I was having the same problem and just found a solution.
In my case, I had a 250gb hidden folder used by the Mail app filled with what was likely just runaway draft messages. If you use IMAP for a Google or Gmail account, this could be your issue as well.
First, in Mail, delete all the Drafts for that email account. Then, to prevent this in the future, go to the preferences for that account in Mail and change the Mailbox Behavior for Drafts to "On My Mac".
Quit Mail.
Then, use OmniDiskSweeper, free download from the highly reputable OmniGroup, https://www.omnigroup.com/more
After you open from the Finder though. Quit and open it again using Terminal so that it will have permission to look inside hidden folders. In Terminal and type:
sudo /Applications/OmniDiskSweeper.app/Contents/MacOS/OmniDiskSweeper
Then in OmniDiskSweeper, select the drive and click "Sweep"
After the sweep, I was able to drill down through the biggest folders along this path:
[user]/Library/Mail/V5/B83...(long code)/[Gmail].mbox/Drafts.mbox/4D3......(long code)/Data/
Inside that "Data" folder is a set of folders named with a single numeral (e.g., "0"). I think there were nine or ten. And within them, there was 250gb worth of coded files ending in ".emlx" scattered deeply through uncountable more single numeral folders.

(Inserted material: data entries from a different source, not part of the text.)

lemma matrix_inv_entry_cramer:
  fixes A :: "real^'n::finite^'n"
  assumes "invertible A"
  shows "matrix_inv A $ k $ l = det (\<chi> i j. if j = k then axis l 1 $ i else A $ i $ j) / det A"
proof -
  have "A *v (matrix_inv A *v axis l 1) = axis l 1"
    by (simp add: matrix_vector_mul_assoc matrix_inv_mult(1)[OF assms])
  then have "matrix_inv A *v axis l 1 = (\<chi> k. det (\<chi> i j. if j = k then axis l 1 $ i else A $ i $ j) / det A)"
    using cramer assms invertible_det_nz by blast
  then show ?thesis by (simp add: matrix_vector_mult_basis column_def fun_eq_iff)
qed

lemma matrix_mul_uminus_right:
  fixes A B :: "real^'n::finite^'n"
  shows "A ** (- B) = - (A ** B)"
  by (simp add: matrix_matrix_mult_def vec_eq_iff sum_negf)

lemma differentiable_det:
  fixes M :: "'a::real_normed_vector \<Rightarrow> real^'n::finite^'n"
  assumes "\<And>i j. (\<lambda>q. M q $ i $ j) differentiable (at p)"
  shows "(\<lambda>q. det (M q)) differentiable (at p)"
  unfolding det_def
  by (intro differentiable_sum ballI differentiable_mult differentiable_const differentiable_prod_fun assms)
    simp

lemma differentiable_matrix_inv_entry:
  fixes G :: "'a::real_normed_vector \<Rightarrow> real^'n::finite^'n"
  assumes "open U" "p \<in> U" "\<forall>q\<in>U. invertible (G q)"
    and "\<And>i j. (\<lambda>q. G q $ i $ j) differentiable (at p)"
  shows "(\<lambda>q. matrix_inv (G q) $ k $ l) differentiable (at p)"
proof (rule differentiable_cong_open[OF assms(1,2)])
  show "(\<lambda>q. det (\<chi> i j. if j = k then axis l 1 $ i else G q $ i $ j) / det (G q)) differentiable (at p)"
  proof (intro differentiable_divide differentiable_det)
    show "(\<lambda>q. (\<chi> i j. if j = k then axis l 1 $ i else G q $ i $ j) $ i $ j) differentiable (at p)" for i j
      by (cases "j = k") (simp_all add: assms(4))
    show "det (G p) \<noteq> 0" using assms(2,3) invertible_det_nz by blast
  qed (rule assms(4))
  show "det (\<chi> i j. if j = k then axis l 1 $ i else G q $ i $ j) / det (G q) = matrix_inv (G q) $ k $ l"
    if "q \<in> U" for q
    using that assms(3) by (simp add: matrix_inv_entry_cramer)
qed

lemma pd_matrix_inv:
  fixes G :: "real^'m::finite \<Rightarrow> real^'n::finite^'n"
  assumes U: "open U" "p \<in> U" and inv: "\<forall>q\<in>U. invertible (G q)"
    and diff: "\<And>i j. (\<lambda>q. G q $ i $ j) differentiable (at p)"
  shows "(\<chi> a b. pd (\<lambda>q. matrix_inv (G q) $ a $ b) i p)
     = - (matrix_inv (G p) ** (\<chi> a b. pd (\<lambda>q. G q $ a $ b) i p) ** matrix_inv (G p))"
proof -
  define H where "H q = matrix_inv (G q)" for q
  define dG where "dG = (\<chi> a b. pd (\<lambda>q. G q $ a $ b) i p)"
  define dH where "dH = (\<chi> a b. pd (\<lambda>q. H q $ a $ b) i p)"
  have Hdiff: "(\<lambda>q. H q $ a $ b) differentiable (at p)" for a b
    unfolding H_def using differentiable_matrix_inv_entry[OF U inv diff] .
  have "G p ** dH = - (dG ** H p)"
  proof -
    have "(G p ** dH) $ a $ b + (dG ** H p) $ a $ b = 0" for a b
    proof -
      have "pd (\<lambda>q. \<Sum>c\<in>UNIV. G q $ a $ c * H q $ c $ b) i p = pd (\<lambda>q. mat 1 $ a $ b) i p"
      proof (rule pd_cong_open[OF U])
        fix q assume "q \<in> U"
        then have "(G q ** H q) $ a $ b = mat 1 $ a $ b" using inv matrix_inv_mult(1) H_def by metis
        then show "(\<Sum>c\<in>UNIV. G q $ a $ c * H q $ c $ b) = mat 1 $ a $ b"
          by (simp add: matrix_matrix_mult_def)
      qed
      also have "\<dots> = 0" by (rule pd_const)
      finally show ?thesis
        by (simp add: pd_sum pd_mult diff Hdiff matrix_matrix_mult_def dG_def dH_def sum.distrib add.commute)
    qed
    then show ?thesis by (simp add: vec_eq_iff eq_neg_iff_add_eq_0)
  qed
  then have "dH = - (H p ** dG ** H p)"
    by (metis H_def U(2) inv matrix_inv_mult(2) matrix_mul_assoc matrix_mul_lid matrix_mul_uminus_right)
  then show ?thesis unfolding dH_def dG_def H_def .
qed

lemma sum_entrywise_mult_eq_trace:
  fixes A B :: "real^'n^'n"
  shows "(\<Sum>k\<in>UNIV. \<Sum>l\<in>UNIV. A $ k $ l * B $ k $ l) = trace (A ** transpose B)"
  unfolding trace_def matrix_matrix_mult_def transpose_def by simp

lemma trace_uminus_mult:
  fixes A B :: "real^'n^'n"
  shows "trace ((- A) ** B) = - trace (A ** B)"
  unfolding trace_def matrix_matrix_mult_def by (simp add: sum_negf)

lemma dot_symmetric_matrix:
  fixes A :: "real^'n::finite^'n"
  assumes "transpose A = A"
  shows "x \<bullet> (A *v y) = (A *v x) \<bullet> y"
  by (metis assms dot_lmul_matrix transpose_matrix_vector)

section \<open>The metric, its inverse and its curvature in a chart\<close>

lemma smooth_on_differentiable: "smooth_on U f \<Longrightarrow> q \<in> U \<Longrightarrow> f differentiable (at q)"
  unfolding smooth_on_def by (metis iter_pd.simps(1))

lemma smooth_on_pd_differentiable: "smooth_on U f \<Longrightarrow> q \<in> U \<Longrightarrow> pd f i differentiable (at q)"
  unfolding smooth_on_def by (metis iter_pd.simps)

lemma smooth_on_pd_pd_commute:
  assumes "smooth_on U f" "open U" "p \<in> U"
  shows "pd (pd f i) j p = pd (pd f j) i p"
  using assms by (intro pd_pd_commute) (auto intro: smooth_on_differentiable smooth_on_pd_differentiable)

locale riem_chart =
  fixes U :: "(real^'n::finite) set" and g :: "real^'n \<Rightarrow> real^'n^'n" and p :: "real^'n"
  assumes open_U: "open U" and p_in_U: "p \<in> U" and metric: "riem_metric_on U g"
begin

lemma smooth_metric_entry: "smooth_on U (\<lambda>q. g q $ i $ j)"
  using metric unfolding riem_metric_on_def by blast
lemma ore_tensor_1_1: "ore_tensor 1 1 = [:1:]"
  by (simp add: poly_eq_iff coeff_pCons split: nat.splits)

lemma ore_tensor_monom: "ore_tensor a (monom 1 j) = monom a j"
  by (simp add: poly_eq_iff)

lemma degree_ore_tensor_le: "degree (ore_tensor a q) \<le> degree q"
  by (rule degree_le) (simp add: coeff_eq_0)

lemma ore_tensor_mult: "ore_tensor b y \<star> embed_poly p = ore_tensor b (y * p)"
proof (induction y arbitrary: p)
  case 0
  show ?case by (simp add: ore_tensor_def)
next
  case (pCons c y)
  have "ore_tensor b (pCons c y) = pCons (b * \<iota> c) (ore_tensor b y)"
    by (simp add: poly_eq_iff coeff_pCons split: nat.splits)
  moreover have "tm (embed_poly p) = embed_poly (pCons 0 p)"
    by (simp add: poly_eq_iff coeff_tm coeff_pCons split: nat.splits)
  moreover have "lsmult (b * \<iota> c) (embed_poly p) = ore_tensor b (smult c p)"
    by (simp add: poly_eq_iff iota_mult mult.assoc)
  moreover have "ore_tensor b (smult c p) + ore_tensor b (y * pCons 0 p) = ore_tensor b (pCons c y * p)"
    by (simp add: poly_eq_iff iota_add algebra_simps)
  ultimately show ?case by (simp add: ore_mult_pCons_left pCons.IH)
qed

lemma embed_poly_mult: "embed_poly (p * q) = embed_poly p \<star> embed_poly q"
  using ore_tensor_mult[of 1 p q] by (simp add: ore_tensor_1_left)

lemma embed_poly_add: "embed_poly (p + q) = embed_poly p + embed_poly q"
  by (simp add: poly_eq_iff iota_add)

lemma embed_poly_smult: "embed_poly (smult c q) = ore_scal \<iota> c (embed_poly q)"
  by (simp add: poly_eq_iff ore_scal_eq_lsmult iota_mult)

To be safe, what I did was open that Data folder in the finder (there's a button in OmniDiskSweeper. Then in the Finder, open each one of the numeral folders which it contained. So I had nine or ten open single numeral folder windows (actually I did it in Finder tabs).
I then selected and trashed the contents of each one of those single numeral folders under Data. Literally millions of .emlx files and their folders.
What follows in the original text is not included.